A teacher (Whisper, reviewed) may **bootstrap** the taught vocabulary for (B),
then be removed — it is scaffolding, not a component
([overview §9](../audio_pipeline_overview.md)).
## 4. Constraints any accepted design must honour
- **0 learned parameters in the serving path** (track in
[`docs/model_dependency_size_tally.md`](../model_dependency_size_tally.md)).
- **Decode, not borrow** — features must be physically present in the wave; no
opaque latents (ADR-0181 §5 rejects embeddings as substrate).
- **Refuse over fabricate** — where phonetic evidence is insufficient, emit no
lexeme rather than a guess; reuse the `wrong = 0` / honest-refusal discipline.
- **Lexeme growth is reviewed** — new acoustic↔lexeme associations enter only
through the contemplation → proposal → HITL corridor (cf. ADR-0164/0165's
treatment of lexicon/primitive growth), never as raw model output.
- **Determinism / replay** — same canonical bytes ⇒ same lexemes ⇒ same trace
hash; quantize before semantics (ADR-0181 spec §7).
## 5. Open questions (for the full ADR)
- Is (A) alone sufficient, deferring (B) indefinitely? What use cases actually
require serving-time audio→words?
- What is the minimal lawful phonetic feature set (formants? MFCC-like bands? —
noting MFCC must stay deterministic and inspectable, not a learned frontend)?

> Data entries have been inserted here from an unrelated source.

theorem proposition3p14:
  fixes sc :: "complex \<Rightarrow> 'a::ab_group_add \<Rightarrow> 'a"
    and ip :: "'a \<Rightarrow> 'a \<Rightarrow> complex"
    and n :: nat
    and \<theta> :: "nat \<Rightarrow> nat \<Rightarrow> real"
    and U Ustar :: "nat \<Rightarrow> nat \<Rightarrow> 'a \<Rightarrow> 'a"
  defines "\<omega> \<equiv> (\<lambda>i j. cis (2 * pi * \<theta> i j))"
  assumes H: "hilbert_space sc ip"
    and n2: "n \<ge> 2"
    and skew: "\<forall>i\<in>{1..n}. \<forall>j\<in>{1..n}. \<theta> j i = - \<theta> i j"
    and bdd: "\<forall>i\<in>{1..n}. \<forall>k\<in>{1..n}. bounded_op sc ip (U i k)"
    and adj: "\<forall>i\<in>{1..n}. \<forall>k\<in>{1..n}. is_adjoint ip (U i k) (Ustar i k)"
    and R1: "\<forall>i\<in>{1..n}. \<forall>j\<in>{1..n}. \<forall>k\<in>{1..n}. \<forall>l\<in>{1..n}.
      (\<lambda>x. U i k (U j l x) + sc (\<omega> j i) (U j k (U i l x))) =
      (\<lambda>x. sc (\<omega> k l) (U i l (U j k x)) + sc (\<omega> j i * \<omega> k l) (U j l (U i k x)))"
    and R2: "\<forall>k\<in>{1..n}. \<forall>l\<in>{1..n}.
      (\<lambda>x. \<Sum>i\<in>{1..n}. U i k (Ustar i l x)) = (\<lambda>x. if k = l then x else 0)"
    and R3: "\<forall>k\<in>{1..n}. \<forall>l\<in>{1..n}.
      (\<lambda>x. \<Sum>i\<in>{1..n}. Ustar i l (U i k x)) = (\<lambda>x. if k = l then x else 0)"
    and R4: "\<forall>i\<in>{1..n}. \<forall>j\<in>{1..n}. \<forall>k\<in>{1..n}. i \<noteq> j \<longrightarrow>
      (\<lambda>x. U j k (Ustar i k x)) = (\<lambda>x. 0)"
    and R5: "\<forall>i\<in>{1..n}. \<forall>j\<in>{1..n}. \<forall>k\<in>{1..n}. i \<noteq> j \<longrightarrow>
      (\<lambda>x. Ustar i k (U j k x)) = (\<lambda>x. 0)"
  shows "\<forall>i\<in>{1..n}. \<forall>k\<in>{1..n}. U i k \<circ> Ustar i k = Ustar i k \<circ> U i k"
proof -
  interpret complex_inner_product sc ip
    using H by (rule hilbert_space_complex_inner_product)
  have \<omega>_diag: "\<omega> i i = 1" if "i \<in> {1..n}" for i
  proof -
    have "\<theta> i i = - \<theta> i i" using skew that by blast
    then show ?thesis by (simp add: \<omega>_def)
  qed
  interpret row_commuting_columns sc ip "{1..n}" U Ustar \<omega>
  proof (intro row_commuting_columns.intro orthogonal_columns.intro
      orthogonal_columns_axioms.intro row_commuting_columns_axioms.intro)
    show "complex_inner_product sc ip" "finite {1..n}"
      by (fact complex_inner_product_axioms finite_atLeastAtMost)+
    show "is_adjoint ip (U i k) (Ustar i k)" if "i \<in> {1..n}" "k \<in> {1..n}" for i k
      using adj that by blast
    show "(\<Sum>i\<in>{1..n}. U i k (Ustar i l x)) = (if k = l then x else 0)"
      and "(\<Sum>i\<in>{1..n}. Ustar i l (U i k x)) = (if k = l then x else 0)"
      if "k \<in> {1..n}" "l \<in> {1..n}" for k l x
      using fun_cong[OF R2[rule_format, OF that]] fun_cong[OF R3[rule_format, OF that]] by simp_all
    show "U j k (Ustar i k x) = 0" and "Ustar i k (U j k x) = 0"
      if "i \<in> {1..n}" "j \<in> {1..n}" "k \<in> {1..n}" "i \<noteq> j" for i j k x
      using fun_cong[OF R4[rule_format, OF that]] fun_cong[OF R5[rule_format, OF that]] by simp_all
    show "U i k (U i l x) = sc (\<omega> k l) (U i l (U i k x))"
      if "i \<in> {1..n}" "k \<in> {1..n}" "l \<in> {1..n}" for i k l x
    proof (rule double_cancel)
      show "U i k (U i l x) + U i k (U i l x) =
          sc (\<omega> k l) (U i l (U i k x)) + sc (\<omega> k l) (U i l (U i k x))"
        using fun_cong[OF R1[rule_format, OF that(1,1,2,3)], of x] \<omega>_diag[OF that(1)]
        by (simp add: scale_one)
    qed
  qed
  show ?thesis using normal by blast
qed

- How are acoustic↔lexeme associations represented in a pack, and how are they
taught/reviewed/versioned/checksummed?
- What is the honest accuracy ceiling of (B), and how is it measured (a sealed
audio eval lane analogous to the GSM8K sealed test)?

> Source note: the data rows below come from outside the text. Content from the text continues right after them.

lemma degree_lagrange_less:
  assumes "C \<in> resfield av"
  shows "degree (lagrange C) < q"
proof -
  have "degree (lagrange C) \<le> degree (\<Prod>D\<in>resfield av - {C}. [:- lift D, 1:])"
    unfolding lagrange_def by (rule degree_smult_le)
  also have "\<dots> \<le> (\<Sum>D\<in>resfield av - {C}. degree [:- lift D, 1:])"
    using degree_prod_sum_le[of "resfield av - {C}" "\<lambda>D. [:- lift D, 1:]"] finite_resfield by (simp add: o_def)
  also have "\<dots> = q - 1"
    using assms finite_resfield by simp
  also have "\<dots> < q"
    using q_ge_2 by simp
  finally show ?thesis .
qed

lemma poly_lagrange_eq_sum: "C \<in> resfield av \<Longrightarrow> poly (lagrange C) t = (\<Sum>k<q. coeff (lagrange C) k * t ^ k)"
  unfolding poly_altdef
  by (intro sum.mono_neutral_left) (auto simp: coeff_eq_0 dest: degree_lagrange_less)

lemma poly_lagrange_cong:
  assumes "C \<in> resfield av" "t \<in> \<O>"
  shows "av (poly (lagrange C) t - (if red av t = C then 1 else 0)) < 1"
proof -
  define P where "P = (\<Prod>D\<in>resfield av - {C}. lift C - lift D)"
  have "av P = 1"
    unfolding P_def using assms(1) by (rule av_lagrange_denominator)
  have poly_eq: "poly (lagrange C) t = inverse P * (\<Prod>D\<in>resfield av - {C}. t - lift D)"
    by (simp add: lagrange_def P_def poly_prod)
  show ?thesis
  proof (cases "red av t = C")
    case True
    then have "av (t - lift C) < 1"
      using assms av_lift_red_diff av_minus_commute by metis
    then have "av ((\<Prod>D\<in>resfield av - {C}. t - lift D) - P) < 1"
      unfolding P_def using assms lift_in_O by (intro av_prod_diff_less) (auto intro: O_diff)
    moreover have "P \<noteq> 0"
      using \<open>av P = 1\<close> by auto
    then have "poly (lagrange C) t - 1 = inverse P * ((\<Prod>D\<in>resfield av - {C}. t - lift D) - P)"
      using poly_eq by (simp add: field_simps)
    ultimately show ?thesis
      using True \<open>av P = 1\<close> by (simp add: av_mult av_inverse)
  next
    case False
    have "red av t \<in> resfield av - {C}"
      using False assms(2) red_in_resfield by blast
    then have "(\<Prod>D\<in>resfield av - {C}. t - lift D) = (t - lift (red av t)) * (\<Prod>D\<in>resfield av - {C, red av t}. t - lift D)"
      using finite_resfield by (simp add: prod.remove Diff_insert2[symmetric])
    moreover have "(\<Prod>D\<in>resfield av - {C, red av t}. t - lift D) \<in> \<O>"
      using assms(2) lift_in_O by (intro O_prod O_diff) auto
    moreover have "av (t - lift (red av t)) < 1"
      using assms(2) av_lift_red_diff av_minus_commute by metis
    ultimately have "av (\<Prod>D\<in>resfield av - {C}. t - lift D) < 1"
      by (simp add: av_mult_less in_O_iff mult.commute[of "t - _"])
    then show ?thesis
      using False \<open>av P = 1\<close> poly_eq by (simp add: av_mult av_inverse)
  qed
qed

lemma poly_lagrange_in_O: "C \<in> resfield av \<Longrightarrow> t \<in> \<O> \<Longrightarrow> poly (lagrange C) t \<in> \<O>"
  by (simp add: poly_lagrange_eq_sum O_sum O_mult O_power coeff_lagrange_in_O)

end

section \<open>Filtrations with residue coordinates\<close>

locale digit_setting = local_valued_field +
  fixes H :: "nat \<Rightarrow> 'a set" and e :: "nat \<Rightarrow> 'a \<Rightarrow> 'a"
  assumes H_open_subgroup: "\<forall>n\<ge>1. open_subgroup_O av (H n)"
    and H_decreasing: "\<forall>n\<ge>1. H (Suc n) \<subseteq> H n"
    and H_Inter: "(\<Inter>n\<in>{1..}. H n) = {0}"
    and e_cont: "\<forall>j. cont_O av (e j)"
    and e_in_O: "\<forall>j. \<forall>x \<in> intring av. e j x \<in> intring av"
    and red_e_H_invariant: "\<forall>n\<ge>1. \<forall>j<n. \<forall>x \<in> intring av. \<forall>y \<in> intring av.
           x - y \<in> H n \<longrightarrow> red av (e j x) = red av (e j y)"
    and induced_map_bij: "\<forall>n\<ge>1. bij_betw (induced_map av e n) (cosets_O av (H n))
                         (PiE {..<n} (\<lambda>_. resfield av))"
begin

lemma H_subset_O: "n \<ge> 1 \<Longrightarrow> H n \<subseteq> \<O>"
  and zero_in_H: "n \<ge> 1 \<Longrightarrow> 0 \<in> H n"
  and H_add: "n \<ge> 1 \<Longrightarrow> x \<in> H n \<Longrightarrow> y \<in> H n \<Longrightarrow> x + y \<in> H n"
  and H_minus: "n \<ge> 1 \<Longrightarrow> x \<in> H n \<Longrightarrow> - x \<in> H n"
  and H_open: "n \<ge> 1 \<Longrightarrow> x \<in> H n \<Longrightarrow> \<exists>r>0. \<forall>y\<in>\<O>. av (y - x) < r \<longrightarrow> y \<in> H n"
  using H_open_subgroup unfolding open_subgroup_O_def by blast+

lemma H_antimono:
  assumes "1 \<le> m" "m \<le> n"
  shows "H n \<subseteq> H m"
  using assms(2)
proof (induction n rule: dec_induct)
  case (step k)
  then have "H (Suc k) \<subseteq> H k"
    using H_decreasing assms(1) by simp
  with step.IH show ?case
    by blast
qed simp

lemma limit_in_H:
  fixes X :: "nat \<Rightarrow> 'a"
  assumes "m \<ge> 1" "L \<in> \<O>" and X: "\<And>n. X n \<in> H m"
    and lim: "\<forall>\<epsilon>>0. \<exists>N. \<forall>n\<ge>N. av (X n - L) < \<epsilon>"
  shows "L \<in> H m"
proof -
  obtain r where "r > 0" and r: "\<And>y. y \<in> \<O> \<Longrightarrow> av y < r \<Longrightarrow> y \<in> H m"
    using H_open[OF \<open>m \<ge> 1\<close> zero_in_H[OF \<open>m \<ge> 1\<close>]] by auto
  obtain N where "\<forall>n\<ge>N. av (X n - L) < r"
    using lim \<open>r > 0\<close> by blast
  then have "av (X N - L) < r"
    by simp
  have "X N \<in> \<O>"
    using X H_subset_O[OF \<open>m \<ge> 1\<close>] by blast
  have "L - X N \<in> H m"
  proof (rule r)
    show "L - X N \<in> \<O>"
      using \<open>L \<in> \<O>\<close> \<open>X N \<in> \<O>\<close> by (rule O_diff)
    show "av (L - X N) < r"
      using \<open>av (X N - L) < r\<close> by (simp add: av_minus_commute[of L])
  qed
  from H_add[OF \<open>m \<ge> 1\<close> X[of N] this] show ?thesis
    by simp
qed

lemma H_small:
  assumes "\<delta> > 0"
  shows "\<exists>n\<ge>1. \<forall>h\<in>H n. av h < \<delta>"
proof (rule ccontr)
  assume "\<not> ?thesis"
  then have "\<forall>n. \<exists>h. h \<in> H (Suc n) \<and> \<not> av h < \<delta>"
    by auto
  then obtain X where "\<forall>n. X n \<in> H (Suc n) \<and> \<not> av (X n) < \<delta>"
    by metis
  then have X: "\<And>n. X n \<in> H (Suc n)" and far: "\<And>n. \<not> av (X n) < \<delta>"
    by blast+
  have "X n \<in> \<O>" for n
    using X[of n] H_subset_O[of "Suc n"] by auto
  then obtain r :: "nat \<Rightarrow> nat" and L where "strict_mono r" "L \<in> \<O>"
    and lim: "\<forall>\<epsilon>>0. \<exists>N. \<forall>n\<ge>N. av (X (r n) - L) < \<epsilon>"
    using O_seq_compact[of X] by blast
  have "L \<in> H m" if "m \<ge> 1" for m
  proof -
    have "X (r (m + n)) \<in> H m" for n
      using X[of "r (m + n)"] H_antimono[OF that, of "Suc (r (m + n))"] seq_suble[OF \<open>strict_mono r\<close>, of "m + n"]
      by auto
    moreover have "\<forall>\<epsilon>>0. \<exists>N. \<forall>n\<ge>N. av (X (r (m + n)) - L) < \<epsilon>"
    proof (intro allI impI)
      fix \<epsilon> :: real
      assume "\<epsilon> > 0"
      then obtain N where "\<forall>n\<ge>N. av (X (r n) - L) < \<epsilon>"
        using lim by blast
      then show "\<exists>N. \<forall>n\<ge>N. av (X (r (m + n)) - L) < \<epsilon>"
        by (intro exI[of _ N]) simp
    qed
    ultimately show ?thesis
      by (rule limit_in_H[OF that \<open>L \<in> \<O>\<close>])
  qed
  then have "L = 0"
    using H_Inter by auto
  obtain N where "\<forall>n\<ge>N. av (X (r n) - L) < \<delta>"
    using lim assms by blast
  with far \<open>L = 0\<close> show False
    by auto
qed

- Speaker/accent/noise robustness without learned models — scope or explicitly
out-of-scope for v1?
- Does (B) compose with the binding-graph / comprehension reader the same way the
text path does, so downstream is unchanged?
## 6. Decision
**Deferred.** This stub records the fork and the constraints. No path is selected
yet. The serving path remains Whisper-free and audio remains paralinguistic until
a full ADR selects and specifies (A) and/or (B).
## 7. Consequences
- Until this is taken up, audio comprehension is **prosody/turn/affect only** at
serving time; lexical content for audio is unavailable in production (text
modality carries words).
- Recording the fork now prevents the silent failure mode: someone wiring a
teacher into the serving path because "audio needs words" without confronting
the doctrinal cost. That decision must go through *this* ADR's successor.
## 8. References
- ADR-0181 — Audio compiler; teacher/shadow policy; embeddings rejected as substrate.
- ADR-0180 — Delta-CRDT substrate; trace/merge determinism the lexeme path must preserve.
- ADR-0164 / ADR-0165 — reviewed growth of lexicon entries and lexeme primitives (the corridor a taught audio vocabulary would reuse).
- [`docs/audio_pipeline_overview.md`](../audio_pipeline_overview.md) §9 — teacher = scaffolding; serving path stays Whisper-free; paths (A)/(B).
- [`docs/model_dependency_size_tally.md`](../model_dependency_size_tally.md) — the 0-parameter tally this path must not move.